- Location of Burgscheidungen
- Burgscheidungen Burgscheidungen
- Coordinates: 51°15′N 11°39′E﻿ / ﻿51.250°N 11.650°E
- Country: Germany
- State: Saxony-Anhalt
- District: Burgenlandkreis
- Town: Laucha an der Unstrut

Area
- • Total: 8.36 km^{2} (3.23 sq mi)
- Elevation: 130 m (430 ft)

Population (2006-12-31)
- • Total: 592
- • Density: 71/km^{2} (180/sq mi)
- Time zone: UTC+01:00 (CET)
- • Summer (DST): UTC+02:00 (CEST)
- Postal codes: 06636
- Dialling codes: 034462

= Burgscheidungen =

Burgscheidungen is a village and a former municipality in the Burgenlandkreis district, in Saxony-Anhalt, Germany. Since 1 July 2009, it is part of the town Laucha an der Unstrut.

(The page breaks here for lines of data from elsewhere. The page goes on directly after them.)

(* Let $n\ge1$, $\mu_c>0$, $\lambda_1,\dots,\lambda_n>0$, $\mathbf{D}=\mathrm{diag}(\lambda_1,\dots,\lambda_n)$, $\mathbf{C}$ an $n\times n$ symmetric positive definite matrix with unit diagonal, and $\hat\lambda_1,\dots,\hat\lambda_n$ the eigenvalues of $\mathbf{D}\mathbf{C}$. Let $G_1,\dots,G_n$ be i.i.d. Gamma$(\mu_c,1)$ random variables, and let $S\ge0$ be a random variable independent of $(G_1,\dots,G_n)$. Put $I=\sum_{i=1}^n\lambda_iG_i$ and $\hat I=\sum_{i=1}^n\hat\lambda_iG_i$. Then $I\le_{cx}\hat I$, and (whenever the expectations exist) $$\hat R:=\mathbb{E}\left[\ln\left(1+\frac{S}{\hat I}\right)\right]\ \ge\ R:=\mathbb{E}\left[\ln\left(1+\frac{S}{I}\right)\right].$$ In particular, when both the user channel and the interferers experience $\eta$-$\mu$ fading (with $n=2N$, $\lambda_{2i-1}=\frac{d_i^{-\alpha}}{\mu_c(1+\eta_i^{-1})}$, $\lambda_{2i}=\frac{d_i^{-\alpha}}{\mu_c(1+\eta_i)}$), the rate with positively correlated interferers is at least the rate with independent interferers.
   Context: $X\le_{cx}Y$ (convex order) means $\mathbb{E}[\phi(X)]\le\mathbb{E}[\phi(Y)]$ for every convex $\phi:\mathbb{R}\to\mathbb{R}$ for which the expectations exist. Gamma$(a,\theta)$ denotes the gamma law with shape $a$ and scale $\theta$. In the application $S$ is the user's received signal power ($\eta$-$\mu$ power times $r^{-\alpha}$), $I$ the total interference power from $N$ independent $\eta$-$\mu$ interferers with common $\mu=\mu_c$ at distances $d_i$ with parameters $\eta_i$ (each $\eta$-$\mu$ power being a sum of two independent gamma variables), and $\hat I$ the total interference in the correlated case, with $\mathbf{C}$ the correlation matrix with entries $\sqrt{\rho_{ij}}$, $\rho_{ij}\in[0,1]$. *)

theory Defs
  imports "HOL-Probability.Probability"
begin

definition gamma_density :: "real \<Rightarrow> real \<Rightarrow> real" where
  "gamma_density a x = (if 0 < x then x powr (a - 1) * exp (- x) / Gamma a else 0)"

definition cx_le :: "'a measure \<Rightarrow> ('a \<Rightarrow> real) \<Rightarrow> ('a \<Rightarrow> real) \<Rightarrow> bool" where
  "cx_le M X Y \<longleftrightarrow>
     (\<forall>\<phi> :: real \<Rightarrow> real. convex_on UNIV \<phi> \<longrightarrow>
        integrable M (\<lambda>\<omega>. \<phi> (X \<omega>)) \<longrightarrow> integrable M (\<lambda>\<omega>. \<phi> (Y \<omega>)) \<longrightarrow>
        (\<integral>\<omega>. \<phi> (X \<omega>) \<partial>M) \<le> (\<integral>\<omega>. \<phi> (Y \<omega>) \<partial>M))"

Burgscheidungen was the site of the Saxon Hadugato's defeat of the Thuringians under King Irminfrid in 531. This defeat spelled the end of an independent Thuringian kingdom. It is variously attributed to the Franks under King Theuderic I or to their allies, the Saxons under Duke Hathagat. It was one of the founding myths of the Saxons by the ninth century.